Overall, I think the habitat will be great for him and will take some time to set up. In the meantime he will be living comfortable inside with only occasional (every day or two) short visits to the outdoors under supervision. All he needs to do is get growing and enjoy the good life.

I think my biggest two questions are:

1) In a climate like mine (see above), what is a good age to reasonably place a young tortoise outside full-time in a garden-type scenario?

2) Does anyone have any good suggestions for keeping them cool outdoors when the temperatures get really high? (Small-scale, periodic misting? Different "burrow" design? Etc.)

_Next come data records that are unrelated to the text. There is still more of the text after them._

(* Let $n\ge 1$ and let $D_0,D_1,\dots,D_{2n}$ be positive integers. For $i=1,\dots,n$ let $A_i=\{A_i^{s}\}_{s=1}^{d_i}\subset M_{D_{2i-2}\times D_{2i-1}}(\mathbb{C})$ be injective MPS tensors, and let $B_i=\{B_i^{t}\}_{t=1}^{e_i}$ and $B_i'=\{B_i'^{t}\}_{t=1}^{e_i}$ be families in $M_{D_{2i-1}\times D_{2i}}(\mathbb{C})$, with $B_i$ not identically zero for every $i$. Suppose that for all indices $s_1,t_1,\dots,s_n,t_n$, $$A_1^{s_1}B_1^{t_1}A_2^{s_2}B_2^{t_2}\cdots A_n^{s_n}B_n^{t_n}=A_1^{s_1}B_1'^{t_1}A_2^{s_2}B_2'^{t_2}\cdots A_n^{s_n}B_n'^{t_n}$$ (equality of $D_0\times D_{2n}$ matrices). Then there exist nonzero scalars $\beta_1,\dots,\beta_n\in\mathbb{C}$ with $\prod_{i=1}^n\beta_i=1$ such that $B_i^{t}=\beta_i B_i'^{t}$ for all $i$ and all $t$.
   Context: A family $A=\{A^s\}_{s=1}^{d}\subset M_{D\times D'}(\mathbb{C})$ is called an injective MPS tensor if the linear map $M_{D'\times D}(\mathbb{C})\to\mathbb{C}^d$, $X\mapsto(\mathrm{tr}(XA^s))_{s=1}^d$, is injective; equivalently, the matrices $A^1,\dots,A^d$ span $M_{D\times D'}(\mathbb{C})$. *)

theory Defs
  imports "Jordan_Normal_Form.Matrix"
begin

definition mat_trace :: "complex mat \<Rightarrow> complex" where
  "mat_trace X = (\<Sum>k<dim_row X. X $$ (k, k))"

text \<open>Injective MPS tensor: a family A^0,...,A^(d-1) of D x D' complex matrices such that
  the linear map X |-> (tr (X A^s))_s from D' x D matrices to C^d is injective.
  (Physical indices are 0-based: s < d.)\<close>
definition injective_mps :: "nat \<Rightarrow> nat \<Rightarrow> nat \<Rightarrow> (nat \<Rightarrow> complex mat) \<Rightarrow> bool" where
  "injective_mps D D' d A \<longleftrightarrow>
     (\<forall>s<d. A s \<in> carrier_mat D D') \<and>
     inj_on (\<lambda>X. vec d (\<lambda>s. mat_trace (X * A s))) (carrier_mat D' D)"

definition chain_prod :: "nat \<Rightarrow> nat \<Rightarrow> (nat \<Rightarrow> complex mat) \<Rightarrow> complex mat" where
  "chain_prod D0 n M = foldl (\<lambda>P i. P * M i) (1\<^sub>m D0) [1..<Suc n]"

end

theory Submission
  imports Defs
begin

(* Injectivity of A_i lets one replace, slot by slot, A_i^(s_i) by an arbitrary matrix Y_i: every
   entry of the chain is tr(X A_i^s) for a matrix X depending only on the remaining factors, so
   equality for all s forces equality of the X's and hence for all Y_i. Choosing each Y_i to be a
   matrix unit turns an entry of the chain into the product of single entries of the B_i(t_i).
   Equality of these products for all choices of entries and of t forces B_i = beta_i B'_i with
   prod beta_i = 1. *)

lemma mult_mat_entry_eq_trace:
  fixes L Y C :: "complex mat"
  assumes L: "L \<in> carrier_mat p q" and Y: "Y \<in> carrier_mat q r" and C: "C \<in> carrier_mat r s"
    and a: "a < p" and b: "b < s"
  shows "(L * Y * C) $$ (a,b) = mat_trace (mat r q (\<lambda>(j,i). C $$ (j,b) * L $$ (a,i)) * Y)"
proof -
  have "(L * Y * C) $$ (a,b) = (\<Sum>j<r. (\<Sum>i<q. L $$ (a,i) * Y $$ (i,j)) * C $$ (j,b))"
    using L Y C a b
    by (simp add: scalar_prod_def atLeast0LessThan sum_distrib_left sum_distrib_right mult_ac
        sum.swap[of _ "{..<r}"])
  also have "\<dots> = (\<Sum>j<r. (\<Sum>i<q. C $$ (j,b) * L $$ (a,i) * Y $$ (i,j)))"
    by (simp add: sum_distrib_right sum_distrib_left mult_ac)
  also have "\<dots> = mat_trace (mat r q (\<lambda>(j,i). C $$ (j,b) * L $$ (a,i)) * Y)"
    using Y by (simp add: mat_trace_def scalar_prod_def atLeast0LessThan)
  finally show ?thesis .
qed

lemma injective_mps_cancel:
  assumes inj: "injective_mps p q d A"
    and L: "L \<in> carrier_mat m p" "L' \<in> carrier_mat m p"
    and C: "C \<in> carrier_mat q k" "C' \<in> carrier_mat q k"
    and eq: "\<And>s. s < d \<Longrightarrow> L * A s * C = L' * A s * C'"
    and Z: "Z \<in> carrier_mat p q"
  shows "L * Z * C = L' * Z * C'"
proof (rule eq_matI)
  fix a b assume "a < dim_row (L' * Z * C')" "b < dim_col (L' * Z * C')"
  then have a: "a < m" and b: "b < k" using L C by auto
  define X where "X M N = mat q p (\<lambda>(j,i). N $$ (j,b) * M $$ (a,i))" for M N :: "complex mat"
  have trace: "(M * W * N) $$ (a,b) = mat_trace (X M N * W)"
    if "M \<in> carrier_mat m p" "W \<in> carrier_mat p q" "N \<in> carrier_mat q k" for M N W
    unfolding X_def using mult_mat_entry_eq_trace that a b by blast
  have A: "A s \<in> carrier_mat p q" if "s < d" for s
    using inj that unfolding injective_mps_def by auto
  have "vec d (\<lambda>s. mat_trace (X L C * A s)) = vec d (\<lambda>s. mat_trace (X L' C' * A s))"
    using eq trace[OF L(1) A C(1)] trace[OF L(2) A C(2)] by (intro eq_vecI) auto
  moreover have "X L C \<in> carrier_mat q p" "X L' C' \<in> carrier_mat q p"
    by (simp_all add: X_def)
  ultimately have "X L C = X L' C'"
    using inj unfolding injective_mps_def by (auto dest: inj_onD)
  then show "(L * Z * C) $$ (a,b) = (L' * Z * C') $$ (a,b)"
    using trace[OF L(1) Z C(1)] trace[OF L(2) Z C(2)] by simp
qed (use L C in auto)

fun chain_from :: "(nat \<Rightarrow> 'a :: semiring_1 mat) \<Rightarrow> 'a mat \<Rightarrow> nat \<Rightarrow> nat \<Rightarrow> 'a mat" where
  "chain_from M X a 0 = X"
| "chain_from M X a (Suc k) = chain_from M X a k * M (a + Suc k)"

lemma foldl_mult_eq_chain_from:
  "foldl (\<lambda>P i. P * M i) X [Suc a..<Suc (a+k)] = chain_from M X a k"
  by (induction k) auto

lemma chain_prod_eq_chain_from: "chain_prod D0 n M = chain_from M (1\<^sub>m D0) 0 n"
  unfolding chain_prod_def using foldl_mult_eq_chain_from[of M "1\<^sub>m D0" 0 n] by simp

lemma chain_from_add: "chain_from M X a (k + l) = chain_from M (chain_from M X a k) (a + k) l"
  by (induction l) (auto simp: add.assoc)

lemma chain_from_cong:
  "(\<And>j. a < j \<Longrightarrow> j \<le> a + k \<Longrightarrow> M j = M' j) \<Longrightarrow> chain_from M X a k = chain_from M' X a k"
  by (induction k) auto

lemma chain_from_carrier:
  assumes "X \<in> carrier_mat m (R a)"
    and "\<And>j. a < j \<Longrightarrow> j \<le> a + k \<Longrightarrow> M j \<in> carrier_mat (R (j-1)) (R j)"
  shows "chain_from M X a k \<in> carrier_mat m (R (a+k))"
  using assms
proof (induction k)
  case (Suc k)
  have "chain_from M X a k \<in> carrier_mat m (R (a+k))"
    using Suc by auto
  moreover have "M (a + Suc k) \<in> carrier_mat (R (a+k)) (R (a + Suc k))"
    using Suc.prems(2)[of "a + Suc k"] by simp
  ultimately show ?case by auto
qed simp

lemma chain_from_mult_start:
  assumes "X \<in> carrier_mat m p" "Z \<in> carrier_mat p (R a)"
    and "\<And>j. a < j \<Longrightarrow> j \<le> a + k \<Longrightarrow> M j \<in> carrier_mat (R (j-1)) (R j)"
  shows "chain_from M (X * Z) a k = X * chain_from M Z a k"
  using assms
proof (induction k)
  case (Suc k)
  have "chain_from M Z a k \<in> carrier_mat p (R (a+k))"
    using chain_from_carrier[of Z p R a k M] Suc.prems by auto
  moreover have "M (a + Suc k) \<in> carrier_mat (R (a+k)) (R (a + Suc k))"
    using Suc.prems(3)[of "a + Suc k"] by simp
  ultimately show ?case using Suc by simp
qed simp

I appreciate everyone's help. I've already gotten tons of information just from reading through old/new posts the past few weeks.


----------



## Tom (Sep 9, 2012)

Your temps will be fine, as long as there are areas to escape the sun and heat. If people in Phoenix can do it, ANYONE can do it. Here's how I did it:

http://www.tortoiseforum.org/Thread-Daisy-s-New-Enclosure#axzz1bv5qbbcz

In my opinion, underground is the way to go. When temps are 110+ here everyday for weeks, my temps in that burrow creep into the low 80's. In the winter with night temps in the 20's, my burrow stays around 80 since that's where my thermostat is set for winter.

I move mine outside permanently when they are around 8-10". Once they are around 4" they stay outside all day everyday, weather permitting. I start brand new tiny hatchlings with an hour or two of outside time and gradually increase that as they gain size.

If yours grows "normally", you will be putting him outside in the spring and likely leaving him outside for the next winter...


----------



## ra94131 (Sep 10, 2012)

Have you ever run into a problem with water accumulation in your underground "burrows"? I'm not sure what your soil is like, but near me we can have a layer of clay that really holds water. Any suggestios for dealing with this?

My lot has pretty good drainage, but even at the highest point I think water would accumulate in a hole of any depth. The land is all pretty flat out here. I was thinking maybe some small-ish gravel ditches for water diversion, but that may end up useless in a real good storm.

Once I get started on this project I will create a new post to catalog the whole process, but I'm still just doing a lot of preliminary research.


----------